Rokok adalah salah satu "pembunuh" manusia. Menurut World Health Organization (WHO) atau Organisasi Kesehatan Dunia, terdapat sekitar satu miliar perokok di dunia atau sekitar sepertujuh dari populasi global pada tahun 2018. Setiap menit, hampir 11 juta batang rokok diisap di dunia dan 10 orang meninggal karenanya. Sekitar 80 persen perokok dunia hidup di negara berpenghasilan rendah dan menengah dan 226 juta di antaranya dianggap miskin.
Di Indonesia, 76 persen pria dewasa (berumur di atas 15 tahun) sebagai perokok. Jika dilihat dari prosentase penduduk, Indonesia menempati prosentase penduduk sebagai perokok terbesar di dunia.: 76 persen pria berusia di atas 15 tahun tercatat sebagai perokok (liputan 6, 31/5/2018).
Apakah para perokok tidak tahu akan bahaya rokok? Jawabannya, para perokok tahu betul akan bahaya rokok. Terdapat 13 bahaya merokok bagi kesehatan tubuh:
kanker paru-paru, penyakit jantung, koleaterol tinggi, komplikasi diabetes, keguguran, gigi menguning dan keropos, bernagai jenis kanker, monopause prematur, gangguan mata, gangguan ereksi dan kesuburan, menurunnya sistem imun tubuh, rasa cemas dan gelisah, jari menguning dan kulit keriput (sehatq-com, 21/1/2020).
Jika ditanya, mengapa orang merokok? Inilah alasan-alasannya: mengurangi tegang syaraf dan menghilangkan rasa lelah, mengendurkan persendian dan menimbulkan rasa lega, merokok untuk menyendiri, merokok karena ingin menyertai sesuatu perbuatan, merokok sebagai penganti makanan, merokok sebagai sikap sosial, merokok untuk menumbuhkan rasa percaya diri (Kompasiana, 27/1/2016)
Sejak lama pemerintah bekerja sama dengan produsen rokok memberikan peringatan melalui gambar-gambar yang menyeramkan pada bungkusan rokok. Pemerintah puga melarang media massa mengiklankan rokok dengan menampilkan secara langsung orang sedang merokok, atau gambar bungkusan rokok sekalipun. Apakah berhasil? Tidak. Nyatanya orang tetap merokok. Peringatan tetaplah peringatan. "Apalagi merokok ditemani secangkir kopi.Alangkah nikmatnya!" Kata si perokok.

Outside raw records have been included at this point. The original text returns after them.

lemma borel_measurable_integral_continuous:
  fixes F :: "real^'n^'n \<Rightarrow> real^'n^'n \<Rightarrow> 'b::{banach, second_countable_topology}"
  assumes "continuous_on UNIV (case_prod F)"
  shows "(\<lambda>R. \<integral>S. F R S \<partial>M) \<in> borel_measurable M"
proof -
  have "sets (M \<Otimes>\<^sub>M M) = sets borel"
    using sets_pair_measure_cong[OF sets_M sets_M] borel_prod by metis
  then have "case_prod F \<in> borel_measurable (M \<Otimes>\<^sub>M M)"
    using borel_measurable_continuous_onI[OF assms] measurable_cong_sets by blast
  then show ?thesis
    by (rule sigma_finite_measure.borel_measurable_lebesgue_integral[OF sigma_finite_measure])
qed

lemma integral_swap_continuous:
  fixes F :: "real^'n^'n \<Rightarrow> real^'n^'n \<Rightarrow> 'b::{banach, second_countable_topology}"
  assumes F: "continuous_on UNIV (case_prod F)"
  shows "(\<integral>S. (\<integral>R. F R S \<partial>M) \<partial>M) = (\<integral>R. (\<integral>S. F R S \<partial>M) \<partial>M)"
proof -
  interpret P: pair_prob_space M M
    by (simp add: pair_prob_space_def pair_sigma_finite_def prob_space_axioms
        prob_space_imp_sigma_finite)
  have "sets (M \<Otimes>\<^sub>M M) = sets borel"
    using sets_pair_measure_cong[OF sets_M sets_M] borel_prod by metis
  then have meas: "case_prod F \<in> borel_measurable (M \<Otimes>\<^sub>M M)"
    using borel_measurable_continuous_onI[OF F] measurable_cong_sets by blast
  obtain C where C: "\<forall>y\<in>case_prod F ` (G \<times> G). norm y \<le> C"
    using bounded_continuous_image[OF F bounded_Times[OF bounded_G bounded_G]] bounded_iff by metis
  have "AE x in M \<Otimes>\<^sub>M M. x \<in> G \<times> G"
    using emeasure_pair_measure_Times[OF G_events G_events] emeasure_G
    by (intro P.AE_prob_1) (simp add: measure_def)
  then have "AE x in M \<Otimes>\<^sub>M M. norm (case_prod F x) \<le> C"
    using C by (auto elim!: AE_mp)
  then have "integrable (M \<Otimes>\<^sub>M M) (case_prod F)"
    by (intro P.integrable_const_bound meas)
  then show ?thesis by (rule P.Fubini_integral)
qed

text \<open>Unimodularity: integrate \<open>f (group_inverse R ** S)\<close> over \<open>R\<close> and \<open>S\<close> in both
  orders; left invariance evaluates either inner integral.\<close>
lemma integral_group_inverse:
  fixes f :: "real^'n^'n \<Rightarrow> 'b::{banach, second_countable_topology}"
  assumes f: "continuous_on UNIV f"
  shows "(\<integral>S. f (group_inverse S) \<partial>M) = (\<integral>S. f S \<partial>M)"
proof -
  define F where "F R S = f (group_inverse R ** S)" for R S
  have F: "continuous_on UNIV (case_prod F)"
    unfolding F_def case_prod_unfold
    by (intro continuous_on_compose2[OF f] continuous_intros) auto
  have "(\<integral>R. (\<integral>S. F R S \<partial>M) \<partial>M) = (\<integral>S. f S \<partial>M)"
  proof (rule integral_const_on_G)
    show "(\<lambda>R. \<integral>S. F R S \<partial>M) \<in> borel_measurable M"
      by (rule borel_measurable_integral_continuous[OF F])
    show "(\<integral>S. F R S \<partial>M) = (\<integral>S. f S \<partial>M)" if "R \<in> G" for R
      unfolding F_def by (intro integral_left_translate group_inverse_in_G that f)
  qed
  moreover have "(\<integral>S. (\<integral>R. F R S \<partial>M) \<partial>M) = (\<integral>S. f (group_inverse S) \<partial>M)"
  proof (rule integral_const_on_G)
    have "continuous_on UNIV (\<lambda>(S, R). F R S)"
      unfolding F_def case_prod_unfold
      by (intro continuous_on_compose2[OF f] continuous_intros) auto
    then show "(\<lambda>S. \<integral>R. F R S \<partial>M) \<in> borel_measurable M"
      using borel_measurable_integral_continuous[of "\<lambda>S R. F R S"] by simp
  next
    fix S assume S: "S \<in> G"
    have "(\<integral>R. F R S \<partial>M) = (\<integral>R. f (group_inverse (group_inverse S ** R)) \<partial>M)"
      unfolding F_def
    proof (rule integral_cong_G)
      show "continuous_on UNIV (\<lambda>R. f (group_inverse R ** S))"
        "continuous_on UNIV (\<lambda>R. f (group_inverse (group_inverse S ** R)))"
        by (intro continuous_on_compose2[OF f] continuous_intros; simp)+
      show "f (group_inverse R ** S) = f (group_inverse (group_inverse S ** R))" if "R \<in> G" for R
        using that S by (simp add: group_inverse_mult group_inverse_in_G group_inverse_involutive)
    qed
    also have "\<dots> = (\<integral>R. f (group_inverse R) \<partial>M)"
      by (intro integral_left_translate group_inverse_in_G S continuous_on_compose2[OF f]
          continuous_intros) simp
    finally show "(\<integral>R. F R S \<partial>M) = (\<integral>S. f (group_inverse S) \<partial>M)" .
  qed
  ultimately show ?thesis using integral_swap_continuous[OF F] by simp
qed

lemma integral_right_translate:
  fixes f :: "real^'n^'n \<Rightarrow> 'b::{banach, second_countable_topology}"
  assumes T: "T \<in> G" and f: "continuous_on UNIV f"
  shows "(\<integral>S. f (S ** T) \<partial>M) = (\<integral>S. f S \<partial>M)"
proof -
  have fi: "continuous_on UNIV (\<lambda>S. f (group_inverse S))"
    by (intro continuous_on_compose2[OF f] continuous_intros) simp
  have "(\<integral>S. f (S ** T) \<partial>M) = (\<integral>S. f (group_inverse (group_inverse T ** group_inverse S)) \<partial>M)"
  proof (rule integral_cong_G)
    show "continuous_on UNIV (\<lambda>S. f (S ** T))"
      "continuous_on UNIV (\<lambda>S. f (group_inverse (group_inverse T ** group_inverse S)))"
      by (intro continuous_on_compose2[OF f] continuous_intros; simp)+
    show "f (S ** T) = f (group_inverse (group_inverse T ** group_inverse S))" if "S \<in> G" for S
      using that T by (simp add: group_inverse_mult group_inverse_in_G group_inverse_involutive)
  qed
  also have "\<dots> = (\<integral>S. f (group_inverse (group_inverse T ** S)) \<partial>M)"
    by (intro integral_group_inverse continuous_on_compose2[OF fi] continuous_intros) simp
  also have "\<dots> = (\<integral>S. f (group_inverse S) \<partial>M)"
    by (intro integral_left_translate group_inverse_in_G T fi)
  also have "\<dots> = (\<integral>S. f S \<partial>M)"
    by (rule integral_group_inverse[OF f])
  finally show ?thesis .
qed

lemma GL_inner_invariant: "T \<in> G \<Longrightarrow> GL_inner M (T *v x) (T *v y) = GL_inner M x y"
  unfolding GL_inner_def
  using integral_right_translate[of T "\<lambda>S. (S *v x) \<bullet> (S *v y)"]
  by (simp add: matrix_vector_mul_assoc continuous_intros)

definition gram :: "real^'n^'n" where
  "gram = (\<integral>S. transpose S ** S \<partial>M)"

lemma GL_inner_eq_gram: "GL_inner M x y = x \<bullet> (gram *v y)"
proof -
  have "integrable M (\<lambda>S. transpose S ** S)"
    by (intro integrable_continuous continuous_intros)
  then have "x \<bullet> (gram *v y) = (\<integral>S. x \<bullet> ((transpose S ** S) *v y) \<partial>M)"
    unfolding gram_def by (rule integral_bounded_linear[OF bounded_linear_bilinear_form, symmetric])
  then show ?thesis
    unfolding GL_inner_def by (simp only: inner_transpose_mult)
qed

lemma GL_inner_commute: "GL_inner M x y = GL_inner M y x"
  unfolding GL_inner_def by (simp only: inner_commute)

sublocale GL_inner: bounded_bilinear "GL_inner M"
  unfolding GL_inner_eq_gram
  by (rule bounded_bilinear.comp[OF bounded_bilinear_inner bounded_linear_ident
        matrix_vector_mul_bounded_linear])

lemma GL_inner_pos: "x \<noteq> 0 \<Longrightarrow> GL_inner M x x > 0"
  unfolding GL_inner_def
  by (intro integral_inner_self_pos continuous_intros)
     (metis invertible_G inj_matrix_vector_mult injD matrix_vector_mult_0_right)

lemma GL_inner_self_nonneg: "GL_inner M x x \<ge> 0"
  using GL_inner_pos[of x] by (cases "x = 0") (auto simp: GL_inner.zero_left)

definition riesz :: "real^'n \<Rightarrow> real^'n" where
  "riesz e = matrix_inv gram *v e"

lemma invertible_gram: "invertible gram"
  using GL_inner_pos by (intro pos_def_imp_invertible) (simp add: GL_inner_eq_gram)

lemma gram_riesz: "gram *v riesz e = e"
  unfolding riesz_def
  by (simp add: matrix_vector_mul_assoc matrix_inv_right[OF invertible_gram])

lemma riesz_gram: "riesz (gram *v x) = x"
proof -
  have "matrix_inv gram ** gram = mat 1"
    using matrix_inv_right[OF invertible_gram] matrix_left_right_inverse by blast
  then show ?thesis unfolding riesz_def by (simp add: matrix_vector_mul_assoc)
qed

lemma GL_inner_riesz: "GL_inner M x (riesz e) = e \<bullet> x"
  by (simp add: GL_inner_eq_gram gram_riesz inner_commute)

lemma linear_riesz: "linear riesz"
  unfolding riesz_def by (rule matrix_vector_mul_linear)

lemma inner_riesz_commute: "a \<bullet> riesz b = b \<bullet> riesz a"
  by (metis GL_inner_commute GL_inner_riesz)

end

lemma GL_mult_closed:
  assumes "S \<in> GL \<Omega>" "T \<in> GL \<Omega>"
  shows "S ** T \<in> GL \<Omega>"
proof -
  have "(\<lambda>x. (S ** T) *v x) ` \<Omega> = (\<lambda>x. S *v x) ` ((\<lambda>x. T *v x) ` \<Omega>)"
    by (simp add: image_image matrix_vector_mul_assoc)
  then show ?thesis
    using assms invertible_mult unfolding GL_def by auto
qed

lemma GL_inverse_closed:
  assumes T: "T \<in> GL \<Omega>"
  shows "\<exists>T'\<in>GL \<Omega>. T' ** T = mat 1"
proof -
  obtain T' where T': "T ** T' = mat 1" "T' ** T = mat 1"
    using T invertible_def unfolding GL_def by blast
  then have "invertible T'" using invertible_def by blast
  moreover have "(\<lambda>x. T' *v x) ` (\<lambda>x. T *v x) ` \<Omega> = \<Omega>"
    by (simp add: image_image matrix_vector_mul_assoc T')
  ultimately show ?thesis using T T' unfolding GL_def by auto
qed

lemma haar_matrix_group_GL:
  assumes "state_space \<Omega>" "haar_GL \<Omega> M"
  shows "haar_matrix_group M (GL \<Omega>)"
proof -
  have "prob_space M" using assms(2) by (intro prob_spaceI) (simp add: haar_GL_def)
  moreover have "GL \<Omega> \<subseteq> {T. (\<lambda>x. T *v x) ` \<Omega> \<subseteq> \<Omega>}" by (auto simp: GL_def)
  then have "bounded (GL \<Omega>)"
    using assms(1) bounded_matrices_preserving bounded_subset compact_imp_bounded
    unfolding state_space_def by metis
  ultimately show ?thesis
    using assms(2) GL_mult_closed GL_inverse_closed
    unfolding haar_matrix_group_def haar_matrix_group_axioms_def haar_GL_def by auto
qed

section \<open>Observables and error measures\<close>

lemma abs_le_D_inf:
  assumes "bounded \<Omega>" "finite X" "a \<in> X" "w \<in> \<Omega>"
  shows "\<bar>ft a \<bullet> w - f a \<bullet> w\<bar> \<le> D_inf \<Omega> X ft f"
proof -
  obtain r where r: "\<And>w. w \<in> \<Omega> \<Longrightarrow> norm w \<le> r"
    using assms(1) bounded_iff by blast
  then have "0 \<le> r" using assms(4) norm_ge_zero order_trans by blast
  have "\<bar>ft x \<bullet> v - f x \<bullet> v\<bar> \<le> (\<Sum>x\<in>X. norm (ft x - f x) * r)" if "x \<in> X" "v \<in> \<Omega>" for x v
  proof -
    have "\<bar>ft x \<bullet> v - f x \<bullet> v\<bar> \<le> norm (ft x - f x) * norm v"
      by (metis Cauchy_Schwarz_ineq2 inner_diff_left)
    also have "\<dots> \<le> norm (ft x - f x) * r"
      using r[OF that(2)] by (simp add: mult_left_mono)
    also have "\<dots> \<le> (\<Sum>x\<in>X. norm (ft x - f x) * r)"
      using that assms(2) \<open>0 \<le> r\<close> by (intro member_le_sum) auto
    finally show ?thesis .
  qed
  then have "bdd_above ((\<lambda>v. Max ((\<lambda>x. \<bar>ft x \<bullet> v - f x \<bullet> v\<bar>) ` X)) ` \<Omega>)"
    using assms(2,3) by (intro bdd_aboveI2) (subst Max_le_iff; auto)
  moreover have "\<bar>ft a \<bullet> w - f a \<bullet> w\<bar> \<le> Max ((\<lambda>x. \<bar>ft x \<bullet> w - f x \<bullet> w\<bar>) ` X)"
    using assms(2,3) by (intro Max_ge) auto
  ultimately show ?thesis
    unfolding D_inf_def using assms(4) by (meson cSUP_upper order_trans)
qed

Kembali ke persoalan gawai. Penggunaan gawai yang berlebih berdampak negatif pada perkembangan anak: penurunan perkembangan otak, bahaya radiasi, penurunan kemampuan interaksi sosial, merusak penglihatan, kurangnya minat bermain di alam terbuka, dan tempramental (Kumparan, 3/11/2019). Dampak negatif gawai menjadi heboh ketika pada Oktober 2019 diberitakan bahwa Rumah Sakit Jiwa (RSJ) di daerah Jawa Barat merawat 209 pasien anak akibat dari kecanduan gawai. (Kompasiana, 29/12/2019).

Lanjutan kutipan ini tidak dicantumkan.